**TASK DESCRIPTION**:
For every line in the records below that holds "unfolding", make a copy.

Start of EXTRACTED ENTRIES

lemma reflect_A_path:
  assumes "1 \<le> a" "a \<le> m" "m \<le> N"
  shows "reflect_list M (A_path a m) (X a) \<simeq> X m" "reflect_list M (A_path a m) (Y a) \<simeq> Y m"
  unfolding A_path_def using assms swaps_A
  by (auto intro!: reflect_list_chain simp: swaps_def)

lemma A_path_on_line:
  "(\<And>i. a \<le> i \<Longrightarrow> i < m \<Longrightarrow> l \<bullet> A i = 0) \<Longrightarrow> \<forall>p\<in>set (A_path a m). l \<bullet> p = 0"
  by (simp add: A_path_def)

lemma cform_A_path: "1 \<le> a \<Longrightarrow> m \<le> N \<Longrightarrow> \<forall>p\<in>set (A_path a m). cform M p p \<noteq> 0"
  using swaps_A by (auto simp: A_path_def swaps_def)

lemma reflect_pair_B_C_Y1: "reflect_pair M True B C (Y 1) \<simeq> X 1"
proof -
  have "reflect M B (reflect M C (Y 1)) \<simeq> reflect M B U"
    using swaps_sym[OF conic_symmetric swaps_C(1)] by (simp add: swaps_def reflect_proportional)
  also have "\<dots> \<simeq> X 1"
    using swaps_B(1) by (simp add: swaps_def)
  finally show ?thesis
    by (simp add: reflect_pair_def)
qed

lemma reflect_pair_B_C_XN: "reflect_pair M (even N) B C (X N) \<simeq> Y N"
proof (cases "even N")
  case True
  then have "reflect M B (reflect M C (X N)) \<simeq> reflect M B V"
    using swaps_C(2) by (simp add: swaps_def WC_def reflect_proportional)
  also have "\<dots> \<simeq> Y N"
    using swaps_sym[OF conic_symmetric swaps_B(2)] True by (simp add: swaps_def WB_def)
  finally show ?thesis
    using True by (simp add: reflect_pair_def)
next
  case False
  then have "reflect M C (reflect M B (X N)) \<simeq> reflect M C V"
    using swaps_B(2) by (simp add: swaps_def WB_def reflect_proportional)
  also have "\<dots> \<simeq> Y N"
    using swaps_sym[OF conic_symmetric swaps_C(2)] False by (simp add: swaps_def WC_def)
  finally show ?thesis
    using False by (simp add: reflect_pair_def)
qed

lemma X_reflect_pair_Y:
  assumes l: "l \<noteq> 0" and j: "1 \<le> j" "j \<le> N"
    and lA: "\<And>i. 1 \<le> i \<Longrightarrow> i < j \<Longrightarrow> l \<bullet> A i = 0" and lB: "l \<bullet> B = 0" and lC: "l \<bullet> C = 0"
  shows "X j \<simeq> reflect_pair M (odd j) B C (Y j)"
proof -
  let ?K = "reflect_list M (A_path 1 j)"
  have "X j \<simeq> ?K (X 1)"
    using reflect_A_path(1) j by (blast intro: proportional_sym)
  also have "\<dots> \<simeq> ?K (reflect_pair M True B C (Y 1))"
    using reflect_pair_B_C_Y1 by (blast intro: reflect_list_proportional proportional_sym)
  also have "\<dots> = reflect_pair M (odd j) B C (?K (Y 1))"
  proof -
    have "(True = even (length (A_path 1 j))) = odd j"
      using j by (simp add: A_path_def; presburger)
    then show ?thesis
      using reflect_list_reflect_pair[OF conic_symmetric l A_path_on_line[OF lA] lB lC, where b = True and z = "Y 1"] by simp
  qed
  also have "\<dots> \<simeq> reflect_pair M (odd j) B C (Y j)"
    using reflect_A_path(2) j by (blast intro: reflect_pair_proportional)
  finally show ?thesis .
qed

lemma Y_reflect_pair_X:
  assumes l: "l \<noteq> 0" and j: "1 \<le> j" "j \<le> N"
    and lA: "\<And>i. j \<le> i \<Longrightarrow> i < N \<Longrightarrow> l \<bullet> A i = 0" and lB: "l \<bullet> B = 0" and lC: "l \<bullet> C = 0"
  shows "Y j \<simeq> reflect_pair M (even j) B C (X j)"
proof -
  let ?K = "reflect_list M (A_path j N)"
  have "?K (Y j) \<simeq> Y N"
    using reflect_A_path(2) j by blast
  also have "\<dots> \<simeq> reflect_pair M (even N) B C (X N)"
    using reflect_pair_B_C_XN by (rule proportional_sym)
  also have "\<dots> \<simeq> reflect_pair M (even N) B C (?K (X j))"
    using reflect_A_path(1) j by (blast intro: reflect_pair_proportional proportional_sym)
  also have "\<dots> = ?K (reflect_pair M (even j) B C (X j))"
  proof -
    have "(even j = even (length (A_path j N))) = even N"
      using j by (simp add: A_path_def; presburger)
    then show ?thesis
      using reflect_list_reflect_pair[OF conic_symmetric l A_path_on_line[OF lA] lB lC, where b = "even j" and z = "X j"] by simp
  qed
  finally show ?thesis
    using reflect_list_proportional_cancel[OF conic_symmetric cform_A_path] j by blast
qed

lemma reflect_line_meet_X_chord:
  assumes l: "l \<noteq> 0" and j: "1 \<le> j" "j < N"
    and lA: "\<And>i. 1 \<le> i \<Longrightarrow> i < N \<Longrightarrow> i \<noteq> j \<Longrightarrow> l \<bullet> A i = 0" and lB: "l \<bullet> B = 0" and lC: "l \<bullet> C = 0"
    and lX: "l \<bullet> X j \<noteq> 0"
  shows "reflect M (l \<times> (X j \<times> X (Suc j))) (Y j) \<simeq> Y (Suc j)"
proof -
  define a where "a = l \<times> (X j \<times> X (Suc j))"
  have la: "l \<bullet> a = 0"
    by (simp add: a_def dot_cross_self)
  have "Y (Suc j) \<simeq> reflect_pair M (even (Suc j)) B C (X (Suc j))"
    by (rule Y_reflect_pair_X[OF l]) (use j lA lB lC in auto)
  then have "Y (Suc j) \<simeq> reflect_pair M (odd j) B C (X (Suc j))"
    by simp
  also have "\<dots> \<simeq> reflect_pair M (odd j) B C (reflect M a (X j))"
  proof -
    have "X j \<times> X (Suc j) \<noteq> 0"
      using j by (intro chord_vertices) auto
    then have "reflect M a (X j) \<simeq> X (Suc j)"
      unfolding a_def using j lX by (intro reflect_line_chord_meet[OF conic] on_conic_vertex) auto
    then show ?thesis
      by (rule reflect_pair_proportional[OF proportional_sym])
  qed
  also have "\<dots> \<simeq> reflect_pair M (odd j) B C (reflect M a (reflect_pair M (odd j) B C (Y j)))"
  proof -
    have "X j \<simeq> reflect_pair M (odd j) B C (Y j)"
      by (rule X_reflect_pair_Y[OF l]) (use j lA lB lC in auto)
    then show ?thesis
      by (intro reflect_pair_proportional reflect_proportional)
  qed
  also have "\<dots> = reflect_pair M (odd j) B C (reflect_pair M (\<not> odd j) B C (reflect M a (Y j)))"
    by (simp only: reflect_reflect_pair[OF conic_symmetric l la lB lC])
  also have "\<dots> = ((cform M B B)\<^sup>2 * (cform M C C)\<^sup>2) *\<^sub>R reflect M a (Y j)"
    by (rule reflect_pair_cancel[OF conic_symmetric])
  finally have "Y (Suc j) \<simeq> reflect M a (Y j)"
    using swaps_B(1) swaps_C(1) by (simp add: swaps_def proportional_scaleR_right_iff)
  then show ?thesis
    unfolding a_def by (rule proportional_sym)
qed

lemma A_on_line:
  assumes l: "l \<noteq> 0" and j: "1 \<le> j" "j < N"
    and lA: "\<And>i. 1 \<le> i \<Longrightarrow> i < N \<Longrightarrow> i \<noteq> j \<Longrightarrow> l \<bullet> A i = 0" and lB: "l \<bullet> B = 0" and lC: "l \<bullet> C = 0"
    and lX: "l \<bullet> X j \<noteq> 0"
  shows "l \<bullet> A j = 0"
proof -
  define a where "a = l \<times> (X j \<times> X (Suc j))"
  have "Y j \<times> Y (Suc j) \<noteq> 0"
    using j by (intro chord_vertices) auto
  then have "a \<noteq> 0" "a \<bullet> (Y j \<times> Y (Suc j)) = 0"
    using center_on_chord[OF reflect_line_meet_X_chord[OF assms]] by (simp_all add: a_def)
  moreover have "a \<bullet> (X j \<times> X (Suc j)) = 0" "a \<bullet> l = 0"
    by (simp_all add: a_def dot_cross_self inner_commute)
  ultimately have "((X j \<times> X (Suc j)) \<times> (Y j \<times> Y (Suc j))) \<bullet> l = 0"
    by (intro triple_product_eq_0)
  then show ?thesis
    by (simp add: A_def inner_commute)
qed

End of EXTRACTED ENTRIES

**ANSWER BOX**:
  unfolding A_path_def using assms swaps_A
      unfolding a_def using j lX by (intro reflect_line_chord_meet[OF conic] on_conic_vertex) auto
    unfolding a_def by (rule proportional_sym)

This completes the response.